**Provided entries:**

▼▼▼

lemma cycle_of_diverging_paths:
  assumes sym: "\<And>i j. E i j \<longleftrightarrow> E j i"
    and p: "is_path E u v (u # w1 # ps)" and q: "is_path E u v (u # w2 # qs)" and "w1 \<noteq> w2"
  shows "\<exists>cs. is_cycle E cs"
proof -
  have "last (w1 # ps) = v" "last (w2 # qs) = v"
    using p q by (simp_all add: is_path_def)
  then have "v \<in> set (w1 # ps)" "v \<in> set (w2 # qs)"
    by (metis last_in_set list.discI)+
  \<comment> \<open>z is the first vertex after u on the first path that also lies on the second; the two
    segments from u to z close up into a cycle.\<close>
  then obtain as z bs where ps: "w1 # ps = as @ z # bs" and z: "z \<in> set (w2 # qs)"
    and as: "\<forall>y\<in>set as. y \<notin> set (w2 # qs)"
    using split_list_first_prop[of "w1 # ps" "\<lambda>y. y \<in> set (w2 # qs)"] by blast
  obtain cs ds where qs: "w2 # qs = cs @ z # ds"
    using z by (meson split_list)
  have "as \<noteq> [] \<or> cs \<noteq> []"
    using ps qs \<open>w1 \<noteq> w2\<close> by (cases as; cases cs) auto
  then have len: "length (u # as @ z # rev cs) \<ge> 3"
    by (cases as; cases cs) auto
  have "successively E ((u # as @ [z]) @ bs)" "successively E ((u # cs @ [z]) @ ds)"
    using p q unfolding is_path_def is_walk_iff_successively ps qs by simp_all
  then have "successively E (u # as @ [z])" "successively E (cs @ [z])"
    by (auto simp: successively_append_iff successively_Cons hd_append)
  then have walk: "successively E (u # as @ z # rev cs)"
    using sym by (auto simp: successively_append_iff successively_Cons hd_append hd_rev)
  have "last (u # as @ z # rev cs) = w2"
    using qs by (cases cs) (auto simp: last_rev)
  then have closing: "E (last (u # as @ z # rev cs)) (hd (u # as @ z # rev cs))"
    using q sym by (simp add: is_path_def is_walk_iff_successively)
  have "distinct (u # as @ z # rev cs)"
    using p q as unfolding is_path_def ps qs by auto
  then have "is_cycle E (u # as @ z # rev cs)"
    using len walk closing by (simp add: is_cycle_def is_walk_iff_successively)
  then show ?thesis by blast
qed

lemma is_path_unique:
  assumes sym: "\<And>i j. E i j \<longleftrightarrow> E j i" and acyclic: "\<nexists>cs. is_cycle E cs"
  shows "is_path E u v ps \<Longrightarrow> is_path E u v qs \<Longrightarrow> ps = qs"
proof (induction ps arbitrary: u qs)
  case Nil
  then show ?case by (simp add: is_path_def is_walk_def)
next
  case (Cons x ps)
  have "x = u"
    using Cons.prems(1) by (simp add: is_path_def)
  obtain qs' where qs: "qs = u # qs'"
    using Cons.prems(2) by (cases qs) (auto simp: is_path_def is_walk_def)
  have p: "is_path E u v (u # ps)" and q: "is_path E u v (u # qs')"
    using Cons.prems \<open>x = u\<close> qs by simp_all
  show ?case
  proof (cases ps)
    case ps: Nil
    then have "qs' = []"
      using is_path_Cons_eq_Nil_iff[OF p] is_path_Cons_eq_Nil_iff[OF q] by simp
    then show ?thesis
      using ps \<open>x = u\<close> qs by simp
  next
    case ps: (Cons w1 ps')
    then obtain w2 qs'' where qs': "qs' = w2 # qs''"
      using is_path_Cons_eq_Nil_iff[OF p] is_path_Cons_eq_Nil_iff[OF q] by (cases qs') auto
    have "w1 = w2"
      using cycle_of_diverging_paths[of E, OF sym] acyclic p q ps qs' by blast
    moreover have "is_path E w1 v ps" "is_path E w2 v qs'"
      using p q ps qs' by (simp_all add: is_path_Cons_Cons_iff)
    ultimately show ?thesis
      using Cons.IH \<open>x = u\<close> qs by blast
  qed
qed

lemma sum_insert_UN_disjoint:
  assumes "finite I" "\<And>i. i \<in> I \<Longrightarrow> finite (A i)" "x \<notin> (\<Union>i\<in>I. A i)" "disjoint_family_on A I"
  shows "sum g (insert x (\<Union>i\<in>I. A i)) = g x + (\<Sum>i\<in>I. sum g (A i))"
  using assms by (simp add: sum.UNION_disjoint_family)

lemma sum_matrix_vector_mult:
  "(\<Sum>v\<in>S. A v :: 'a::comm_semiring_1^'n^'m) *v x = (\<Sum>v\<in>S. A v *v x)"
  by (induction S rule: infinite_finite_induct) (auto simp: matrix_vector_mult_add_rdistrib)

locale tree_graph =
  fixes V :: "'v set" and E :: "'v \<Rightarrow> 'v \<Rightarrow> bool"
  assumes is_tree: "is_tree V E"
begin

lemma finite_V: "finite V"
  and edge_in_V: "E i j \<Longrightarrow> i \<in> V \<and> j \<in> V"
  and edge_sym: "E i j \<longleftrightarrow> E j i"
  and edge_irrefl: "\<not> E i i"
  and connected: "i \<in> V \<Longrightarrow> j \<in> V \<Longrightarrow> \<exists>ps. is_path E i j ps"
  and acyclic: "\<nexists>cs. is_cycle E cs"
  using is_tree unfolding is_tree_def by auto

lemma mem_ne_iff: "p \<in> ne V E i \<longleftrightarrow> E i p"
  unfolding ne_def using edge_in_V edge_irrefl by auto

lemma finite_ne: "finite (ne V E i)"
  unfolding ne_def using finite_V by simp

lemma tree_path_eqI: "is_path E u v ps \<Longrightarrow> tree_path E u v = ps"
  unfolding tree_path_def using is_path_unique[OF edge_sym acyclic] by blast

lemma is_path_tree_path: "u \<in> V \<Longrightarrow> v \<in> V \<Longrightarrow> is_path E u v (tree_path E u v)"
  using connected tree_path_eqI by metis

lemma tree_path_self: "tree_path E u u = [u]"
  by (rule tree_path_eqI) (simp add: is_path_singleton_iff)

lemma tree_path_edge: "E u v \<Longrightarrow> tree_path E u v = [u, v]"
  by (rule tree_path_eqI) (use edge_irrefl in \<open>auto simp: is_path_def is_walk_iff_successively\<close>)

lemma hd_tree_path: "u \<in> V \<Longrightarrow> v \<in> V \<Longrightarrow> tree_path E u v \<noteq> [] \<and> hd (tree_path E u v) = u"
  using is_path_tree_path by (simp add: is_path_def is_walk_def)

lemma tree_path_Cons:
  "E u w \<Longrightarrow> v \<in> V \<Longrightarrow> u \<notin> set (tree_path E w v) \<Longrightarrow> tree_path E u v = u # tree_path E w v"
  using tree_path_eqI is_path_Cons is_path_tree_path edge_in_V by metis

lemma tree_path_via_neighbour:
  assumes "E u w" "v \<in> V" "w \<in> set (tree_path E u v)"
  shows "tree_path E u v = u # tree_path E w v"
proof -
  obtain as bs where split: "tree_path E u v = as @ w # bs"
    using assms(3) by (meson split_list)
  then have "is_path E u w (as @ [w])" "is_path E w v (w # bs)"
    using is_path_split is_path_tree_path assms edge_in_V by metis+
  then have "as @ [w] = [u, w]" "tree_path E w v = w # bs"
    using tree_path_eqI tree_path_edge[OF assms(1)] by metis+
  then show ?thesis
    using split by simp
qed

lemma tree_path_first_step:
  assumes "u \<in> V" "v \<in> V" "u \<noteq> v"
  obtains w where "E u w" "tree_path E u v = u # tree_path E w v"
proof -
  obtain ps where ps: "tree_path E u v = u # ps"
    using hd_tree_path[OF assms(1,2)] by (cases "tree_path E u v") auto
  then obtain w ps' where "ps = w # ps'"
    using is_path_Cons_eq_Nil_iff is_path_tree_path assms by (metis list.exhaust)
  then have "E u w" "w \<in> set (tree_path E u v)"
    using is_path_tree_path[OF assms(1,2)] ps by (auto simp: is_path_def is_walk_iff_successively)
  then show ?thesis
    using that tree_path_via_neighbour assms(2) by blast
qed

▲▲▲

**Assigned task:** Every line containing the string "acyclic" is required; copy each such line from the data.

**Exercise solution:**
  assumes sym: "\<And>i j. E i j \<longleftrightarrow> E j i" and acyclic: "\<nexists>cs. is_cycle E cs"
      using cycle_of_diverging_paths[of E, OF sym] acyclic p q ps qs' by blast
  and acyclic: "\<nexists>cs. is_cycle E cs"
  unfolding tree_path_def using is_path_unique[OF edge_sym acyclic] by blast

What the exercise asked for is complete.